● Exercise input
----

definition run :: "nat list \<Rightarrow> learner \<Rightarrow> (nat list \<times> bool) list \<Rightarrow> nat \<Rightarrow>
                   (form \<times> nat list \<times> nat list) option" where
  "run w L ts s = exec w L (encode ts) s (init_held ts) []"

definition consistent_learner :: "nat set \<Rightarrow> form \<Rightarrow> nat \<Rightarrow> nat \<Rightarrow> learner \<Rightarrow> bool" where
  "consistent_learner \<Sigma> f k l L \<longleftrightarrow>
     (\<exists>q' l'. \<forall>w ts. set w \<subseteq> \<Sigma> \<longrightarrow> distinct ts \<longrightarrow> training_set w k (set ts) \<longrightarrow>
        phi_consistent w f k l (set ts) \<longrightarrow>
        (\<exists>s f' hvs hs. run w L ts s = Some (f', hvs, hs) \<and>
           set hvs \<subseteq> {..<length hs} \<and>
           qr f' \<le> q' \<and> length hvs \<le> l' \<and> wf_param_formula \<Sigma> f' k (length hvs) \<and>
           consistent w f' k (map ((!) hs) hvs) (set ts)))"

definition sublinear_learner :: "nat set \<Rightarrow> nat \<Rightarrow> learner \<Rightarrow> bool" where
  "sublinear_learner \<Sigma> k L \<longleftrightarrow>
     (\<forall>t. \<exists>g :: nat \<Rightarrow> real. (\<lambda>n. g n / real n) \<longlonglongrightarrow> 0 \<and>
        (\<forall>w ts. set w \<subseteq> \<Sigma> \<longrightarrow> distinct ts \<longrightarrow> length ts \<le> t \<longrightarrow> training_set w k (set ts) \<longrightarrow>
           run w L ts (nat \<lfloor>g (length w)\<rfloor>) \<noteq> None))"

end

theory Submission
  imports Defs
begin

text \<open>Take the alphabet \<open>{0}\<close> and \<open>\<phi>(x; y) = x < y\<close>. The training set consists of \<open>m\<close>
positive examples followed by \<open>m\<close> negative ones on a blank string, each example in its own block.
Sublinearity yields a length \<open>n\<close> on which the learner halts within \<open>S\<close> steps although blocks
\<open>2S + 3\<close> apart fit into the string. In \<open>S\<close> steps the learner only sees offsets at most \<open>S\<close>
around the examples, so on every placement keeping the blocks far enough apart it behaves
identically and outputs the same hypothesis \<open>\<psi>\<close>, whose parameters lie in fewer than \<open>m\<close> blocks;
hence some positive block and some negative block carry no parameter.
By Buchi's theorem \<open>\<psi>\<close> defines a regular language, so a long blank factor can be lengthened by a
multiple of the period without changing its two-sided contexts. Placing the two free blocks next to
each other at such a distance, the words for the two examples differ only by moving blanks from one
side of the marked letter to the other, so \<open>\<psi>\<close> cannot label them differently.\<close>

section \<open>Regular languages via two-sided contexts\<close>

definition contexts :: "'a list set \<Rightarrow> 'a list \<Rightarrow> 'a list \<Rightarrow> 'a list \<Rightarrow> bool" where
  "contexts L u = (\<lambda>x y. x @ u @ y \<in> L)"

text \<open>Regularity in the sense of Myhill and Nerode: the two-sided syntactic congruence has finite
index.\<close>

definition regular :: "'a list set \<Rightarrow> bool" where
  "regular L \<longleftrightarrow> finite (range (contexts L))"

lemma regularI:
  assumes "finite (range \<alpha>)" and "\<And>u v. \<alpha> u = \<alpha> v \<Longrightarrow> contexts L u = contexts L v"
  shows "regular L"
proof -
  have "contexts L u \<in> (\<lambda>a. contexts L (inv \<alpha> a)) ` range \<alpha>" for u
  proof
    show "contexts L u = contexts L (inv \<alpha> (\<alpha> u))"
      using assms(2) by (metis f_inv_into_f rangeI)
  qed simp
  then have "range (contexts L) \<subseteq> (\<lambda>a. contexts L (inv \<alpha> a)) ` range \<alpha>"
    by blast
  then show ?thesis
    unfolding regular_def using assms(1) finite_subset by blast
qed

lemma regular_Compl:
  assumes "regular L"
  shows "regular (- L)"
proof -
  have "range (contexts (- L)) = (\<lambda>F x y. \<not> F x y) ` range (contexts L)"
    by (auto simp: contexts_def)
  then show ?thesis
    using assms unfolding regular_def by simp
qed

lemma regular_Un:
  assumes "regular L1" and "regular L2"
  shows "regular (L1 \<union> L2)"
proof -
  have "range (contexts (L1 \<union> L2))
          \<subseteq> (\<lambda>(F, G) x y. F x y \<or> G x y) ` (range (contexts L1) \<times> range (contexts L2))"
    by (auto simp: contexts_def image_iff)
  then show ?thesis
    using assms unfolding regular_def by (meson finite_SigmaI finite_imageI finite_subset)
qed

lemma regular_Int:
  assumes "regular L1" and "regular L2"
  shows "regular (L1 \<inter> L2)"
proof -
  have "regular (- (- L1 \<union> - L2))"
    using assms by (intro regular_Compl regular_Un)
  then show ?thesis by simp
qed

definition letterwise_image :: "('a \<Rightarrow> 'b \<Rightarrow> bool) \<Rightarrow> 'a list set \<Rightarrow> 'b list set" where
  "letterwise_image R L = {e. \<exists>e'\<in>L. list_all2 R e' e}"

lemma contexts_letterwise_image:
  "contexts (letterwise_image R L) u x y \<longleftrightarrow>
     (\<exists>u' x' y'. list_all2 R u' u \<and> list_all2 R x' x \<and> list_all2 R y' y \<and> contexts L u' x' y')"
proof
  assume "contexts (letterwise_image R L) u x y"
  then obtain e' where "e' \<in> L" and "list_all2 R e' (x @ u @ y)"
    unfolding contexts_def letterwise_image_def by blast
  then show "\<exists>u' x' y'. list_all2 R u' u \<and> list_all2 R x' x \<and> list_all2 R y' y \<and> contexts L u' x' y'"
    unfolding list_all2_append2 contexts_def by blast
next
  assume "\<exists>u' x' y'. list_all2 R u' u \<and> list_all2 R x' x \<and> list_all2 R y' y \<and> contexts L u' x' y'"
  then obtain u' x' y' where "list_all2 R (x' @ u' @ y') (x @ u @ y)" and "x' @ u' @ y' \<in> L"
    unfolding contexts_def by (blast intro: list_all2_appendI)
  then show "contexts (letterwise_image R L) u x y"
    unfolding contexts_def letterwise_image_def by blast
qed

lemma regular_letterwise_image:
  assumes "regular L"
  shows "regular (letterwise_image R L)"
proof -
  define \<Phi> where "\<Phi> S x y = (\<exists>F\<in>S. \<exists>x' y'. list_all2 R x' x \<and> list_all2 R y' y \<and> F x' y')"
    for S x y
  have "contexts (letterwise_image R L) u = \<Phi> (contexts L ` {u'. list_all2 R u' u})" for u
    unfolding \<Phi>_def by (intro ext) (auto simp: contexts_letterwise_image)
  then have "range (contexts (letterwise_image R L)) \<subseteq> \<Phi> ` Pow (range (contexts L))"
    by blast
  then show ?thesis
    using assms unfolding regular_def by (meson finite_Pow_iff finite_imageI finite_subset)
qed

lemma regular_exists_letter: "regular {e. \<exists>c\<in>set e. P c}"
proof (rule regularI)
  show "finite (range (\<lambda>u. \<exists>c\<in>set u. P c))" by simp
next
  fix u v :: "'a list"
  assume uv: "(\<exists>c\<in>set u. P c) = (\<exists>c\<in>set v. P c)"
  show "contexts {e. \<exists>c\<in>set e. P c} u = contexts {e. \<exists>c\<in>set e. P c} v"
    unfolding contexts_def mem_Collect_eq set_append bex_Un uv ..
qed

lemma regular_unique_letter: "regular {e. length (filter P e) = 1}"
proof (rule regularI)
  show "finite (range (\<lambda>u. min 2 (length (filter P u))))"
    by (rule finite_subset[of _ "{..2}"]) auto
next
  fix u v :: "'a list"
  assume "min 2 (length (filter P u)) = min 2 (length (filter P v))"
  then have "length (filter P u) = length (filter P v) \<or>
      2 \<le> length (filter P u) \<and> 2 \<le> length (filter P v)"
    by linarith
  then show "contexts {e. length (filter P e) = 1} u = contexts {e. length (filter P e) = 1} v"
    by (auto simp: contexts_def fun_eq_iff)
qed

fun occurs_before :: "('a \<Rightarrow> bool) \<Rightarrow> ('a \<Rightarrow> bool) \<Rightarrow> 'a list \<Rightarrow> bool" where
  "occurs_before P Q [] = False"
| "occurs_before P Q (c # e) = (P c \<and> (\<exists>d\<in>set e. Q d) \<or> occurs_before P Q e)"

lemma occurs_before_append:
  "occurs_before P Q (a @ b) \<longleftrightarrow>
     occurs_before P Q a \<or> occurs_before P Q b \<or> (\<exists>c\<in>set a. P c) \<and> (\<exists>d\<in>set b. Q d)"
  by (induction a) auto

lemma occurs_before_iff_nth:
  "occurs_before P Q e \<longleftrightarrow> (\<exists>j<length e. \<exists>i<j. P (e ! i) \<and> Q (e ! j))"
proof (induction e)
  case (Cons c e)
  have "(\<exists>j<length (c # e). \<exists>i<j. P ((c # e) ! i) \<and> Q ((c # e) ! j)) \<longleftrightarrow>
      (\<exists>j<length e. P c \<and> Q (e ! j)) \<or> (\<exists>j<length e. \<exists>i<j. P (e ! i) \<and> Q (e ! j))"
    by (auto simp: Ex_less_Suc2)
  also have "\<dots> \<longleftrightarrow> occurs_before P Q (c # e)"
    using Cons.IH by (auto simp: in_set_conv_nth) (metis nth_mem)
  finally show ?case ..
qed simp

lemma regular_occurs_before: "regular {e. occurs_before P Q e}"
proof (rule regularI)
  show "finite (range (\<lambda>u. ((\<exists>c\<in>set u. P c), (\<exists>c\<in>set u. Q c), occurs_before P Q u)))"
    by (rule finite_subset[of _ UNIV]) auto
qed (auto simp: contexts_def fun_eq_iff occurs_before_append)

lemma contexts_replicate_periodic:
  assumes "regular L"
  obtains N p where "0 < p" and "\<And>k. contexts L (replicate (N + k * p) c) = contexts L (replicate N c)"
proof -
  have "finite (range (\<lambda>i. contexts L (replicate i c)))"
    using assms unfolding regular_def by (rule finite_subset[rotated]) auto
  then have "\<not> inj (\<lambda>i. contexts L (replicate i c))"
    using finite_imageD infinite_UNIV_nat by blast
  then obtain a b where "a < b" and ab: "contexts L (replicate a c) = contexts L (replicate b c)"
    unfolding inj_def by (metis linorder_neqE_nat)
  have "contexts L (replicate (a + k * (b - a)) c) = contexts L (replicate a c)" for k
  proof (induction k)
    case (Suc k)
    have "replicate (a + Suc k * (b - a)) c = replicate b c @ replicate (k * (b - a)) c"
      and "replicate (a + k * (b - a)) c = replicate a c @ replicate (k * (b - a)) c"
      using \<open>a < b\<close> by (simp_all flip: replicate_add)
    then show ?case
      using Suc ab by (simp add: contexts_def fun_eq_iff)
  qed simp
  then show thesis
    using that[of "b - a" a] \<open>a < b\<close> by simp
qed

section \<open>Formulas define regular languages\<close>

text \<open>Buchi's encoding of an assignment: the letter at position \<open>i\<close> records the label of \<open>i\<close>,
the first-order variables assigned to \<open>i\<close> and the set variables containing \<open>i\<close>.\<close>

type_synonym letter = "nat \<times> nat set \<times> nat set"

definition annotate :: "nat list \<Rightarrow> (nat \<Rightarrow> nat) \<Rightarrow> (nat \<Rightarrow> nat set) \<Rightarrow> letter list" where
  "annotate w I J = map (\<lambda>i. (w ! i, {x. I x = i}, {X. i \<in> J X})) [0..<length w]"

fun agree_except_var :: "nat \<Rightarrow> letter \<Rightarrow> letter \<Rightarrow> bool" where
  "agree_except_var x (a', V', W') (a, V, W) \<longleftrightarrow> a' = a \<and> V' - {x} = V - {x} \<and> W' = W"

fun agree_except_setvar :: "nat \<Rightarrow> letter \<Rightarrow> letter \<Rightarrow> bool" where
  "agree_except_setvar X (a', V', W') (a, V, W) \<longleftrightarrow> a' = a \<and> V' = V \<and> W' - {X} = W - {X}"

fun form_lang :: "form \<Rightarrow> letter list set" where
  "form_lang (Lab a x) = {e. \<exists>(b, V, W)\<in>set e. x \<in> V \<and> b = a}"
| "form_lang (Less x y) = {e. occurs_before (\<lambda>(_, V, _). x \<in> V) (\<lambda>(_, V, _). y \<in> V) e}"
| "form_lang (Eq x y) = {e. \<exists>(_, V, _)\<in>set e. x \<in> V \<and> y \<in> V}"
| "form_lang (Mem x X) = {e. \<exists>(_, V, W)\<in>set e. x \<in> V \<and> X \<in> W}"
| "form_lang (Neg f) = - form_lang f"
| "form_lang (Or f g) = form_lang f \<union> form_lang g"
| "form_lang (Ex1 x f) = letterwise_image (agree_except_var x)
     (form_lang f \<inter> {e. length (filter (\<lambda>(_, V, _). x \<in> V) e) = 1})"
| "form_lang (Ex2 X f) = letterwise_image (agree_except_setvar X) (form_lang f)"

lemma regular_form_lang: "regular (form_lang f)"
  by (induction f) (simp_all only: form_lang.simps regular_exists_letter regular_occurs_before
      regular_unique_letter regular_Compl regular_Un regular_Int regular_letterwise_image)

lemma length_annotate [simp]: "length (annotate w I J) = length w"
  by (simp add: annotate_def)

lemma nth_annotate [simp]:
  "i < length w \<Longrightarrow> annotate w I J ! i = (w ! i, {x. I x = i}, {X. i \<in> J X})"
  by (simp add: annotate_def)

lemma bex_set_annotate:
  "(\<exists>c\<in>set (annotate w I J). P c) \<longleftrightarrow> (\<exists>i<length w. P (w ! i, {x. I x = i}, {X. i \<in> J X}))"
  by (auto simp: annotate_def)

lemma length_filter_marked:
  "length (filter (\<lambda>(_, V, _). x \<in> V) e) = card {i. i < length e \<and> x \<in> fst (snd (e ! i))}"
  unfolding length_filter_conv_card by (simp add: split_beta)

----

● What the task requires
Only the lines that contain the word "languages" should be copied from the material.

● Problem solution
section \<open>Regular languages via two-sided contexts\<close>
section \<open>Formulas define regular languages\<close>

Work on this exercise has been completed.